[Items from a data source]

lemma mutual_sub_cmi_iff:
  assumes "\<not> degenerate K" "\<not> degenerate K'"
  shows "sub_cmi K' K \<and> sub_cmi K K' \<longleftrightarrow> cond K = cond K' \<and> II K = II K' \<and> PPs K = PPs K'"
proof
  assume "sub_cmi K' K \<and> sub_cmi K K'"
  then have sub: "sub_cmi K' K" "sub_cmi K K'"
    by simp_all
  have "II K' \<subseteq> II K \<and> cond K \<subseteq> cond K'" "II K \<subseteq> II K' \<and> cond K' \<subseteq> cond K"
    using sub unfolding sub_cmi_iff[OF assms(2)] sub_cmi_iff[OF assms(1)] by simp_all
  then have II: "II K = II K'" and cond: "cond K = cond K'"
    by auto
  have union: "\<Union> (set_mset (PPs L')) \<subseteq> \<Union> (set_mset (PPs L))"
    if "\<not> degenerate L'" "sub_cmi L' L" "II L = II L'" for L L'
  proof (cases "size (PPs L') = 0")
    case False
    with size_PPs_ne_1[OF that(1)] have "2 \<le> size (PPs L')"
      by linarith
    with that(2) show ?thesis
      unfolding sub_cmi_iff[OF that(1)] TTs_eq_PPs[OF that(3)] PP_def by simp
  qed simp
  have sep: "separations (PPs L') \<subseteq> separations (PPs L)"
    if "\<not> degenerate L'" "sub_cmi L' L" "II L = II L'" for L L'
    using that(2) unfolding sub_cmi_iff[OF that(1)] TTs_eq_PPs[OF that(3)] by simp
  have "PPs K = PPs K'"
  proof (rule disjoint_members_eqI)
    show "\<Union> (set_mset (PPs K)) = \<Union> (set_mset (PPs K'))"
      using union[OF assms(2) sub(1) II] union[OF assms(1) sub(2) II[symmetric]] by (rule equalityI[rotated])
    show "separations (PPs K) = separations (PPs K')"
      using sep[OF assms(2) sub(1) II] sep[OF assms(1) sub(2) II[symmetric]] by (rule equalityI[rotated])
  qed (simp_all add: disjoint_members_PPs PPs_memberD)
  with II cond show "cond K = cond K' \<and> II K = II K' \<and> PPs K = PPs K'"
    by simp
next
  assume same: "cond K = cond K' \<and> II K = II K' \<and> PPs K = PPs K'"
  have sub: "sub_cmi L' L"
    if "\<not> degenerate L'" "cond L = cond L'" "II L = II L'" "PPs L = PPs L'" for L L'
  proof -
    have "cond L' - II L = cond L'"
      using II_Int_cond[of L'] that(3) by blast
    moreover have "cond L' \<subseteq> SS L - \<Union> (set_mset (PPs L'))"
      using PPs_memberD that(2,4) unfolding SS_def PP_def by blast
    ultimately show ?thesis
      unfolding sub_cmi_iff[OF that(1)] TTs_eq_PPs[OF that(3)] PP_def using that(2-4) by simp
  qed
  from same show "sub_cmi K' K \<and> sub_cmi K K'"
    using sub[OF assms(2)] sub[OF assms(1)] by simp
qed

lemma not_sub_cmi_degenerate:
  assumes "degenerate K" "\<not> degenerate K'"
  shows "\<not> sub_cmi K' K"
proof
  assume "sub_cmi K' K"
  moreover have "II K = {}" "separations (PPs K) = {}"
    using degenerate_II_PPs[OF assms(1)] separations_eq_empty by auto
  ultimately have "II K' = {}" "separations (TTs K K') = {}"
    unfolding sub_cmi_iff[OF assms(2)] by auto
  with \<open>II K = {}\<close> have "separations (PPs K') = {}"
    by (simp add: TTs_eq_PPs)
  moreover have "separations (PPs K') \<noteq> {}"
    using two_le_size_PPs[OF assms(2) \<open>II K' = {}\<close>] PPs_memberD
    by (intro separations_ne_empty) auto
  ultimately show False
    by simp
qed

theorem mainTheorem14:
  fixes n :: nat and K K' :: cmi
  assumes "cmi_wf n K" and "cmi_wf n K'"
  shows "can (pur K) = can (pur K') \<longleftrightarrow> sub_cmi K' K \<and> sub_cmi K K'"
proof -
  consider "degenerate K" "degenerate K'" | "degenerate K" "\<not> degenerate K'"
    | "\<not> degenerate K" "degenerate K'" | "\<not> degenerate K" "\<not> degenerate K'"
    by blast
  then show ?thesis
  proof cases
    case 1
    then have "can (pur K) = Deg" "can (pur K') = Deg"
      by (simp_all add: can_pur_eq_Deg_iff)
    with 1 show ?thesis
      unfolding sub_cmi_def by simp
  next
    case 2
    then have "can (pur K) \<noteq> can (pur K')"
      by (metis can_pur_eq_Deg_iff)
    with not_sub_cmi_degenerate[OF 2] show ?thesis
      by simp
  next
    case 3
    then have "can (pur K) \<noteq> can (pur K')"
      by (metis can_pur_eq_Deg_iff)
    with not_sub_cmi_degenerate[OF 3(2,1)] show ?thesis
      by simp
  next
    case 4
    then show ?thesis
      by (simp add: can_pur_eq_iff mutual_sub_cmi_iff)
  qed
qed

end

...

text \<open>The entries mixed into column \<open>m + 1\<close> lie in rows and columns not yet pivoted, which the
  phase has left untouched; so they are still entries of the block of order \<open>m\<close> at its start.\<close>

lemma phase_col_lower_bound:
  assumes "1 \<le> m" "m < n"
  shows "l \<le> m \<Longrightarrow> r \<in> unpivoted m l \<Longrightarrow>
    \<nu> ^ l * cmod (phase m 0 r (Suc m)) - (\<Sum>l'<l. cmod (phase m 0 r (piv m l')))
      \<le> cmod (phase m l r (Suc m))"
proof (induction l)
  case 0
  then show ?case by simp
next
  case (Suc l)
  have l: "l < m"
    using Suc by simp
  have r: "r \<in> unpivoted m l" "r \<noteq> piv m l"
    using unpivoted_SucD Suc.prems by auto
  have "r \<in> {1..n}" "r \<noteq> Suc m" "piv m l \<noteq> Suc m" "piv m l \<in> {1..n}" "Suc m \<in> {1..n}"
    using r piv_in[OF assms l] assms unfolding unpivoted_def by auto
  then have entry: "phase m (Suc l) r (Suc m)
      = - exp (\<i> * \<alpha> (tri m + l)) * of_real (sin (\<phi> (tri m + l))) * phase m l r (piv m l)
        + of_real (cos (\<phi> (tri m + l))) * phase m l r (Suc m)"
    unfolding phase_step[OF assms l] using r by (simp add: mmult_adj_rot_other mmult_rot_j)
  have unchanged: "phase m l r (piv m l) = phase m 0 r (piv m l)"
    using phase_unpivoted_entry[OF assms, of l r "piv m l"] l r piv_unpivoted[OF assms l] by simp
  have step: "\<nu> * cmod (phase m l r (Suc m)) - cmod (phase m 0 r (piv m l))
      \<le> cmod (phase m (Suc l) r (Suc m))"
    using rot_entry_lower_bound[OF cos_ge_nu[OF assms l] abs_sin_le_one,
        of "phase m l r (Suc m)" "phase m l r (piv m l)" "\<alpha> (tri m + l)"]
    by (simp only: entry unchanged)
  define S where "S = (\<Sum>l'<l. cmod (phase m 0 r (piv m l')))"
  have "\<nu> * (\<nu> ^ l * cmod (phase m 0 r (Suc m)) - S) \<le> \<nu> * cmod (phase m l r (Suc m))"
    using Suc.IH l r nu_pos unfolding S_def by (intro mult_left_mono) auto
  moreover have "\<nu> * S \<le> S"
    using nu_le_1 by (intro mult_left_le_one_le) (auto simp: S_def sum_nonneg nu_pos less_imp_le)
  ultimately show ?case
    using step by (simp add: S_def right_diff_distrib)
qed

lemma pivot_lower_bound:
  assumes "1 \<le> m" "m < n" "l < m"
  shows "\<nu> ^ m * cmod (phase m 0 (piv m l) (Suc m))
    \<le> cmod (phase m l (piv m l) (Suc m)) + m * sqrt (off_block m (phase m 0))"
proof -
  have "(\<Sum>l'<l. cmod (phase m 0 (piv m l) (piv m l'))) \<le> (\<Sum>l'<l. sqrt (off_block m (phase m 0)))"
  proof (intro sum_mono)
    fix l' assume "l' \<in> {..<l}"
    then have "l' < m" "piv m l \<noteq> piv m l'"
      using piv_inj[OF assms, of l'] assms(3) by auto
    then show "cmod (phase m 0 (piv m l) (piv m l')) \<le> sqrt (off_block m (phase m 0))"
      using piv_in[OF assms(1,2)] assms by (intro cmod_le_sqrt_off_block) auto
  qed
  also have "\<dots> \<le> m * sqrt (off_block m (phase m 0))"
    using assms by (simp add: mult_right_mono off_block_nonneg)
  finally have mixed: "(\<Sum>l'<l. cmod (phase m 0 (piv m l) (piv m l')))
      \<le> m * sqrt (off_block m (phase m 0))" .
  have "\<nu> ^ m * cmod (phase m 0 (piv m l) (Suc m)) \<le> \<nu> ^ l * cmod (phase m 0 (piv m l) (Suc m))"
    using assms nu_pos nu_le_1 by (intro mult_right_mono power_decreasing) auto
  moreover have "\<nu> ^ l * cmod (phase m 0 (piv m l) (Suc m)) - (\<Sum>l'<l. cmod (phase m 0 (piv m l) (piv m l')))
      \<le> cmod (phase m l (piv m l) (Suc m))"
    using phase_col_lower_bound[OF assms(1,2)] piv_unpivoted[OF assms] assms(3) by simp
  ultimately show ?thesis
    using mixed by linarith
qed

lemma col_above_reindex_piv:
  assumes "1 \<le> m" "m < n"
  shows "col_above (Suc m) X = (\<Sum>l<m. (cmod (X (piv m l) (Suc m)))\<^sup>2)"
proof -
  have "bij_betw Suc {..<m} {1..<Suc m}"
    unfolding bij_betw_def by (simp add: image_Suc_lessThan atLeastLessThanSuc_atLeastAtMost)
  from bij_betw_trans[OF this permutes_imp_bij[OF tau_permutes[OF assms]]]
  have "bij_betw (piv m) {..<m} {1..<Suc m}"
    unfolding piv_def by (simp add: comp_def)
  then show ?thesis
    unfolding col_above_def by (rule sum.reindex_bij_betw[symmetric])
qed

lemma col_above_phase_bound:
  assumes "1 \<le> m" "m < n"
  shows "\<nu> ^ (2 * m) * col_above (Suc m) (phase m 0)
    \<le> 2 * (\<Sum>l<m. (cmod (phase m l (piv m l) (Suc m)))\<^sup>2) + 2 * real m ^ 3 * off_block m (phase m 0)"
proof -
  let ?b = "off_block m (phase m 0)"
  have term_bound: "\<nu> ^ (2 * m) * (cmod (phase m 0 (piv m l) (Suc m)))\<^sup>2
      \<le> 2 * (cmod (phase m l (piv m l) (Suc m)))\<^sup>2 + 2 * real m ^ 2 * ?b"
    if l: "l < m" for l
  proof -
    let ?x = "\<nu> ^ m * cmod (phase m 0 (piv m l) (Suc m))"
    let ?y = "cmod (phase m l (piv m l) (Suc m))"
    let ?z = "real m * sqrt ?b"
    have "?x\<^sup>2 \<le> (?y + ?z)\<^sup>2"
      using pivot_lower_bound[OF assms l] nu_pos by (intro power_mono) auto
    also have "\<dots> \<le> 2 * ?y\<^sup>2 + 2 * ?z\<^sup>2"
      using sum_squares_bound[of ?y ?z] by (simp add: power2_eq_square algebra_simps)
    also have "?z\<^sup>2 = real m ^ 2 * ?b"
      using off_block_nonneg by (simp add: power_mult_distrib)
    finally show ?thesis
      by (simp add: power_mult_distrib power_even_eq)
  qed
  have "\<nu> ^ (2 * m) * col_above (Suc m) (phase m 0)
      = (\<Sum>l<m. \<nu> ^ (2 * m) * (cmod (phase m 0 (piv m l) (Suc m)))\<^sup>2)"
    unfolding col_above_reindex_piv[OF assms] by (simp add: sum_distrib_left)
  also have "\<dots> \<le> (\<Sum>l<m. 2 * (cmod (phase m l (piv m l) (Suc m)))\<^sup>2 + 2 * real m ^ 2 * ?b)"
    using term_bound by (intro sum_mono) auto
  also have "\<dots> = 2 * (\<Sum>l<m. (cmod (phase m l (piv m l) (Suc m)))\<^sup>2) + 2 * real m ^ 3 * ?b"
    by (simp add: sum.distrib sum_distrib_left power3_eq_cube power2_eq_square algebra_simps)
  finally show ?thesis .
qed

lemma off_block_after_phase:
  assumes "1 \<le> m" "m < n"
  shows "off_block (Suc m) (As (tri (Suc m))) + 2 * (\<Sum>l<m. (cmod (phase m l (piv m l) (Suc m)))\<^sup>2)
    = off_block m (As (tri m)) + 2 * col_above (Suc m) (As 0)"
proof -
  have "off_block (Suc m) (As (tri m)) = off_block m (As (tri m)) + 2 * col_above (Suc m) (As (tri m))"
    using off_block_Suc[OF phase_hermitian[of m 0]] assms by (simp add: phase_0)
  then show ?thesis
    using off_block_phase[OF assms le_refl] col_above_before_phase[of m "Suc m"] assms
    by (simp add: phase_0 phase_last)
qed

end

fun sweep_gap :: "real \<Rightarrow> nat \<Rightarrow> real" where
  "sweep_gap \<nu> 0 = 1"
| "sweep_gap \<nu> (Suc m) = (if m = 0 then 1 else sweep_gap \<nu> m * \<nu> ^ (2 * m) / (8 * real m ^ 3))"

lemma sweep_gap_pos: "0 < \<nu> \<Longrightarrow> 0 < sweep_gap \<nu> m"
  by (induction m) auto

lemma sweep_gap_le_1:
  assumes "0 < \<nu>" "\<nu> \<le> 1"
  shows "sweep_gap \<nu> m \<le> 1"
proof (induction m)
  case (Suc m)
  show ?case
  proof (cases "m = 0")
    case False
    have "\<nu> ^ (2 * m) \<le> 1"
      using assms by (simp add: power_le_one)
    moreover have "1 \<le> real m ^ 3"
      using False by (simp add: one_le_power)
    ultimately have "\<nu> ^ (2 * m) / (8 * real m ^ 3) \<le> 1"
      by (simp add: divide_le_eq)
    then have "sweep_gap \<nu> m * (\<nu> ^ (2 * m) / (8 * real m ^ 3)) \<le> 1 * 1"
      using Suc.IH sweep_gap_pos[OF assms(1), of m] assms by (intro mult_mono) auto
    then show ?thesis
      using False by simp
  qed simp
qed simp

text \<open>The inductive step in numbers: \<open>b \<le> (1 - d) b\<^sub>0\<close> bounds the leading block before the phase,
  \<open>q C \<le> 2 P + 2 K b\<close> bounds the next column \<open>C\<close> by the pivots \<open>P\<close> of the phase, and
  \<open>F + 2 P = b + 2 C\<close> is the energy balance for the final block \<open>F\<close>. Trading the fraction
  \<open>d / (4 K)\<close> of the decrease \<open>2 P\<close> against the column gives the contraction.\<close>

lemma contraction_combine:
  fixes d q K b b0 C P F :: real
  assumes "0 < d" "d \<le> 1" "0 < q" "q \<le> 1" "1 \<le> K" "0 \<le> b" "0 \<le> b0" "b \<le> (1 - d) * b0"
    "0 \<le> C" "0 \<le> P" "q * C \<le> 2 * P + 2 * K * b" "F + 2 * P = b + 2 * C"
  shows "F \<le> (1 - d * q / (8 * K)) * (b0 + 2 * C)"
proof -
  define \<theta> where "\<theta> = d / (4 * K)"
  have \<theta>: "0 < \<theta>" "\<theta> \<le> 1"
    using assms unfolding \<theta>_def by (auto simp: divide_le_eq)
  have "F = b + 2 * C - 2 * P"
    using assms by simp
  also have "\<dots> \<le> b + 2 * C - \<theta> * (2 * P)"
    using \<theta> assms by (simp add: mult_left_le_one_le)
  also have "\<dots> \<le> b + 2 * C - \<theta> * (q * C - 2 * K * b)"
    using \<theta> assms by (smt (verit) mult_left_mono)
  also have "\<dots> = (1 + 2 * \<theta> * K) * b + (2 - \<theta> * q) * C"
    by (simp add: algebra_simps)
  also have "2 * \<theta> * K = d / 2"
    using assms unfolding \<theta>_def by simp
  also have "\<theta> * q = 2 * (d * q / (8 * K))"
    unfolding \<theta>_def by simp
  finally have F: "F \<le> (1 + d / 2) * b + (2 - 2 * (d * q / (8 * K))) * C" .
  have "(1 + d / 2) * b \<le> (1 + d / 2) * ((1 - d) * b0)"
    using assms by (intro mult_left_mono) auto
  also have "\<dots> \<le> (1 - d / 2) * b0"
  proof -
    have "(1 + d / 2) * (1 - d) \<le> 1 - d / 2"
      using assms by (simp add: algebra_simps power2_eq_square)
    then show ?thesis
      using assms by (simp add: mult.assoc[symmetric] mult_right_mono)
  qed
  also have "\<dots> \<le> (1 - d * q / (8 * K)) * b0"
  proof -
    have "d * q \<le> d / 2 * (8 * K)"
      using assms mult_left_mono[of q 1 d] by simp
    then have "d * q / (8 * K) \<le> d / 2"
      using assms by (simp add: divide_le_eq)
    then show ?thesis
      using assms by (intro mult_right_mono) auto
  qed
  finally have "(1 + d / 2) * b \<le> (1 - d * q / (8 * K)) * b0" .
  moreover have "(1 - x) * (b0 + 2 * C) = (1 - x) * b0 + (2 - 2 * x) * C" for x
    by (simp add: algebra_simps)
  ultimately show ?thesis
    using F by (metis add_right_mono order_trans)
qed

> **ACTION ITEM**
Copy each line in the data that holds the word "text".

> **EXERCISE RESPONSE**
text \<open>The entries mixed into column \<open>m + 1\<close> lie in rows and columns not yet pivoted, which the
text \<open>The inductive step in numbers: \<open>b \<le> (1 - d) b\<^sub>0\<close> bounds the leading block before the phase,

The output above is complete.